Pior ainda que esse papo de que “vegan não mata pra comer” é o “vegan não mata pra ninguém comer”, onde a total ignorância e desrespeito (sim, desrespeito) com os animais são evidenciados. Desprezam-se totalmente os hábitos alimentares, história evolutiva, ecologia e biologia dos animais ao levantar a bandeira da ração vegana. Do mesmo jeito que seria um absurdo alimentar girafas ou vacas com carne, é inadmissível que não se dê carne para animais essencialmente carnívoros, como leões, ursos, gatos domésticos e cachorros. Humanos são seres culturais e biológicos. Ignoramos certos aspectos da nossa biologia em detrimento da nossa cultura. No entanto, impor isso a outros animais, que são estritamente seres biológicos, é errado! É cruel! NÃO É ÉTICO!

Outra: no meio do mato, seja no cerrado, na floresta, na caatinga ou em qualquer outro ecossistema, vivem MILHARES de animais. Ao derrubar a casa deles para se plantar comida ou algodão para nos vestir, obriga-se que eles saiam do seu habitat e MORRAM! Tanto em decorrência direta da derrubada da mata (efeitos diretos), quanto da fragmentação de habitat (e suas conseqüências; efeitos indiretos), que atualmente é um dos grandes problemas do cerrado, mata atlântica, amazônia e outros biomas ao redor do mundo, sendo portanto, uma das maiores ameaças à biodiversidade mundial.

Pois é, isso não é falado ou sabido. Dizer que é ético por não consumir produtos de origem animal é mais fácil e até mesmo mais bonitinho, do que procurar saber as reais crueldades que os animais e outros milhares de seres são submetidos para que possamos alimentar os mais de 6 bilhões de pessoas, nos locomover, morar em cidades, consumir milhares de objetos supérfluos como batedeiras, liquidificadores, processadores de alimentos e formas de alumínio tão extensamente utilizados, inclusive por veganos. Informar-se sobre o funcionamento da natureza e dos nossos impactos nela dá muito trabalho e pouco ibope.

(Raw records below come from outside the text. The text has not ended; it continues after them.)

lemma exchange_ascent:
  assumes perm: "\<sigma> permutes {0..<R}" and adm: "admissible n \<sigma>"
    and ascent: "i < j" "j < R" "\<sigma> i < \<sigma> j"
  defines "\<tau> \<equiv> \<sigma> \<circ> Transposition.transpose i j"
  shows "\<tau> permutes {0..<R}" and "admissible n \<tau>"
    and "grevlex_less (monomial_of \<sigma>) (monomial_of \<tau>)"
    and "(\<Sum>k = 0..<R. k * \<tau> k) < (\<Sum>k = 0..<R. k * \<sigma> k)"
proof -
  have \<tau>_ij: "\<tau> i = \<sigma> j" "\<tau> j = \<sigma> i" and \<tau>_other: "\<And>k. k \<noteq> i \<Longrightarrow> k \<noteq> j \<Longrightarrow> \<tau> k = \<sigma> k"
    by (simp_all add: \<tau>_def)
  show "\<tau> permutes {0..<R}"
    unfolding \<tau>_def using ascent by (intro permutes_compose[OF permutes_swap_id perm]) auto
  have "\<sigma> i < R" "\<sigma> j < R"
    using permutes_in_image[OF perm] ascent by auto
  then have order: "x i (\<sigma> i) < x i (\<sigma> j)" "x i (\<sigma> i) < x j (\<sigma> i)"
      "x i (\<sigma> j) < x j (\<sigma> j)" "x j (\<sigma> i) < x j (\<sigma> j)"
    using ascent increasing_in_row increasing_in_col by auto
  have bounds: "0 \<le> x i (\<sigma> i)" "x j (\<sigma> j) \<le> int n"
    using adm ascent by (auto simp: admissible_def)
  show "admissible n \<tau>"
    using adm order bounds \<tau>_ij \<tau>_other unfolding admissible_def
    by (metis dual_order.strict_trans1 order.strict_implies_order order_trans)
  have S: "finite {0..<R}" "i \<in> {0..<R}" "j \<in> {0..<R}" "i \<noteq> j"
    using ascent by auto
  have rest: "sum (\<lambda>k. g k (\<tau> k)) ({0..<R} - {i, j}) = sum (\<lambda>k. g k (\<sigma> k)) ({0..<R} - {i, j})" for g
    by (rule sum.cong) (auto simp: \<tau>_other)
  have "grevlex_less (evar_monomial (x i (\<sigma> i)) + evar_monomial (x j (\<sigma> j)))
      (evar_monomial (x i (\<sigma> j)) + evar_monomial (x j (\<sigma> i)))"
    using order bounds by (intro grevlex_less_exchange) auto
  then show "grevlex_less (monomial_of \<sigma>) (monomial_of \<tau>)"
    unfolding monomial_of_def sum_remove_two[OF S, of "\<lambda>k. evar_monomial (x k (\<sigma> k))"]
      sum_remove_two[OF S, of "\<lambda>k. evar_monomial (x k (\<tau> k))"]
      rest[of "\<lambda>k v. evar_monomial (x k v)"] \<tau>_ij
    by (rule grevlex_less_add_right)
  show "(\<Sum>k = 0..<R. k * \<tau> k) < (\<Sum>k = 0..<R. k * \<sigma> k)"
    unfolding sum_remove_two[OF S, of "\<lambda>k. k * \<sigma> k"] sum_remove_two[OF S, of "\<lambda>k. k * \<tau> k"]
      rest[of "\<lambda>k v. k * v"] \<tau>_ij
    using exchange_decreases_weight[OF ascent(1,3)] by simp
qed

lemma reversal_dominates:
  assumes "\<sigma> permutes {0..<R}" "admissible n \<sigma>"
  shows "admissible n (reversal R) \<and>
    (\<sigma> \<noteq> reversal R \<longrightarrow> grevlex_less (monomial_of \<sigma>) (monomial_of (reversal R)))"
  using assms
proof (induction "\<Sum>k = 0..<R. k * \<sigma> k" arbitrary: \<sigma> rule: less_induct)
  case less
  show ?case
  proof (cases "\<exists>i j. i < j \<and> j < R \<and> \<sigma> i < \<sigma> j")
    case True
    then obtain i j where ascent: "i < j" "j < R" "\<sigma> i < \<sigma> j"
      by blast
    let ?\<tau> = "\<sigma> \<circ> Transposition.transpose i j"
    note exchange = exchange_ascent[OF less.prems ascent]
    have IH: "admissible n (reversal R) \<and>
        (?\<tau> \<noteq> reversal R \<longrightarrow> grevlex_less (monomial_of ?\<tau>) (monomial_of (reversal R)))"
      by (rule less.hyps[OF exchange(4,1,2)])
    have "grevlex_less (monomial_of \<sigma>) (monomial_of (reversal R))"
    proof (cases "?\<tau> = reversal R")
      case True
      with exchange(3) show ?thesis
        by simp
    next
      case False
      with IH exchange(3) show ?thesis
        using grevlex_less_trans by blast
    qed
    with IH show ?thesis
      by blast
  next
    case False
    then have "\<sigma> = reversal R"
      using permutes_without_ascent_eq_reversal[OF less.prems(1)] by blast
    with less.prems show ?thesis
      by simp
  qed
qed

context
  fixes B :: "'k::field mpoly mat" and n :: nat
  assumes carrier: "B \<in> carrier_mat R R"
    and entries: "\<And>i k. i < R \<Longrightarrow> k < R \<Longrightarrow> B $$ (i, k) = evar n (x i k)"
begin

lemma prod_entries:
  assumes "\<sigma> permutes {0..<R}"
  shows "(\<Prod>i = 0..<R. B $$ (i, \<sigma> i)) =
    (if admissible n \<sigma> then Poly_Mapping.single (monomial_of \<sigma>) 1 else 0)"
proof -
  have "(\<Prod>i = 0..<R. B $$ (i, \<sigma> i)) = (\<Prod>i = 0..<R. evar n (x i (\<sigma> i)))"
    using permutes_in_image[OF assms] by (intro prod.cong) (auto simp: entries)
  then show ?thesis
    by (auto simp: prod_evar admissible_def monomial_of_def)
qed

lemma det_eq_sum_admissible:
  "det B = (\<Sum>\<sigma> | \<sigma> permutes {0..<R} \<and> admissible n \<sigma>.
     Poly_Mapping.single (monomial_of \<sigma>) (of_int (sign \<sigma>)))"
proof -
  have "det B = (\<Sum>\<sigma>\<in>{\<sigma>. \<sigma> permutes {0..<R}}. signof \<sigma> * (\<Prod>i = 0..<R. B $$ (i, \<sigma> i)))"
    by (rule det_def'[OF carrier])
  also have "\<dots> = (\<Sum>\<sigma>\<in>{\<sigma>. \<sigma> permutes {0..<R}}.
      if admissible n \<sigma> then Poly_Mapping.single (monomial_of \<sigma>) (of_int (sign \<sigma>)) else 0)"
    by (intro sum.cong) (auto simp: prod_entries mult_single simp flip: single_of_int)
  also have "\<dots> = (\<Sum>\<sigma> | \<sigma> permutes {0..<R} \<and> admissible n \<sigma>.
      Poly_Mapping.single (monomial_of \<sigma>) (of_int (sign \<sigma>)))"
    by (simp add: sum.inter_filter[symmetric] finite_permutations)
  finally show ?thesis .
qed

Meia ética não existe! Ou é ético ou não é! Ou se preocupa realmente com os animais, inclusive os que vivem em ecossistemas naturais (que estão sendo destruídos para sustentar nossos padrões doentios de consumo e nossos filhinhos) ou deixa a máscara de lado. Tomemos ações menos prejudiciais ao meio-ambiente (e por que não à nossa saúde?), mas não nos vangloriemos quanto a essa ética, vivendo num sistema onde as “necessidades” são desnecessárias, impostas e convenientes.